Abigaíl mira aburrida el holograma reflejado en una de las ventanas. Son dos delfines saltando en un ciclo infinito, cerca de una playa de fina arena y agua translúcida. Los rayos del atardecer se ven reflejados en la superficie marina, hasta se pueden apreciar las sombras de pequeños peces jugando entre las olas. Parece tan real que cuesta creer que sólo saliendo por la puerta aparezcas en una calle peatonal como otra cualquiera, pero la joven lleva tanto rato mirando que se ha aprendido los repetitivos movimientos de la imagen: una pirueta y dos saltos de los delfines, la gaviota echando el vuelo y una enorme y repentina ola que lame con fuerza la arena. La escena se repite y se repite en el cristal imaginario, y la sume en una relajada y constante monotonía.

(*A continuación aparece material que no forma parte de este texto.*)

(* Let $\Phi$ be a Markov Logic Network and $n,m$ positive integers. Then $$M_{min}\, C_{n,m}\, Z(n)\,Z(m) \leq Z(n+m) \leq Z(n)\,Z(m)\,C_{n,m}\, M_{max},$$ where $M_{max} = \prod_{k \in [d]} (w^{max}_{k})^{ \binom{n+m}{k} - \binom{n}{k} - \binom{m}{k}}$ and $M_{min} = \prod_{k \in [d]} (w^{min}_{k})^{ \binom{n+m}{k} - \binom{n}{k} - \binom{m}{k}}$, and $C_{n,m}$ is the number of ways in which an interpretation on $[n]$ and an interpretation on $\{n+1,\dots,n+m\}$ can be extended to an interpretation on $[n+m]$.
   Context: Fix a finite function-free relational first-order signature $\mathcal{R}$. For a positive integer $N$ write $[N]=\{1,\dots,N\}$. For a finite set $D$ of constants, a ground atom over $D$ is $R(a_1,\dots,a_r)$ with $R\in\mathcal{R}$ of arity $r$ and $a_1,\dots,a_r\in D$. An interpretation on $D$ is a map assigning true/false to every ground atom over $D$; $\Omega^{(N)}$ is the set of interpretations on $[N]$. For an interpretation $\omega$ on $D$ and $I\subseteq D$, $\omega\downarrow I$ is the restriction of $\omega$ to the ground atoms all of whose arguments lie in $I$. The number $C_{n,m}$ of interpretations $\omega$ on $[n+m]$ with $\omega\downarrow[n]=\omega'$ and $\omega\downarrow\{n+1,\dots,n+m\}=\omega''$ is the same for every pair $(\omega',\omega'')$ (it equals $2$ to the number of ground atoms over $[n+m]$ having arguments in both $[n]$ and $\{n+1,\dots,n+m\}$). A Markov Logic Network (MLN) $\Phi$ is a finite set of pairs $(\phi_i,a_i)$, where $\phi_i$ is a function-free, quantifier-free first-order formula over $\mathcal{R}$ and $a_i\in\mathbb{R}$. The arity of $\phi_i$ is the number of distinct variables in it; $\Phi_k$ is the set of pairs whose formula has arity $k$; $d$ is the largest arity. Convention: a formula with $k$ variables is grounded only by substituting $k$ pairwise distinct constants for its variables; for an interpretation $\omega$ on a finite set $D$, $N(\phi,\omega)$ is the number of injective assignments of the variables of $\phi$ to elements of $D$ under which $\phi$ is true in $\omega$. The weight of an interpretation $\omega$ is $w(\omega)=\exp\bigl(\sum_{(\phi_i,a_i)\in\Phi}a_iN(\phi_i,\omega)\bigr)$ and its $k$-weight is $w_k(\omega)=\exp\bigl(\sum_{(\phi_i,a_i)\in\Phi_k}a_iN(\phi_i,\omega)\bigr)$. $w_k^{max}$ and $w_k^{min}$ denote the maximum and minimum of $w_k(\omega')$ over all interpretations $\omega'$ on a $k$-element domain. The partition function is $Z(N)=\sum_{\omega\in\Omega^{(N)}}w(\omega)$. Binomial coefficients $\binom{a}{k}$ with $k>a$ are $0$. *)

theory Defs
  imports Complex_Main "HOL-Library.FuncSet"
begin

Hasta ese logrado holograma es más interesante que la conversación que tiene lugar enfrente de ella. Su acompañante, un joven de ondulado pelo oscuro y ojos verdes, no ha parado de hablar de sí mismo desde que se han encontrado. Abby empieza a arrepentirse de haberse apuntado a una de las típicas 'Citas a ciegas'. Sabe que sus padres se conocieron de esa forma, igual que la mayoría de las parejas de La Red, pero más le vale estar soltera si el amor de su vida va a ser alguien como el egocéntrico joven, del que ya ha olvidado su nombre, que charla sin descanso mientras sorbe ruidosamente un batido de piña.

"Me pregunto cómo puede beber y hablar a la vez."

Este burlón pensamiento hace que una media sonrisa aparezca en su rostro.

– ¿Y tú qué haces, Abigaíl, estudias o trabajas? – arrastra las sílabas en un vano intento de parecer un conquistador, pero recuerda más a un lagarto.

– Me estoy especializando en Cuidadora – le mira fijamente a los ojos, esperando un signo que muestre la desaprobación por la respuesta que acaba de dar.

Ahí está. Una ligera mueca de asco antes de mostrar una sonrisa falsa y chillar, como si le hubiesen dado una gran noticia:

– ¡Qué interesante!

Abby lanza un hondo suspiro. La cita está perdida.


La joven está tan acostumbrada a esa reacción que casi ha olvidado otro tipo de respuesta, si alguna vez la ha habido. En cuanto explica lo que piensa hacer la gente muestra una expresión entre desagrado y curiosidad, como si se encontrasen ante un raro espécimen de insecto, una rara avis difícil de observar en cautividad.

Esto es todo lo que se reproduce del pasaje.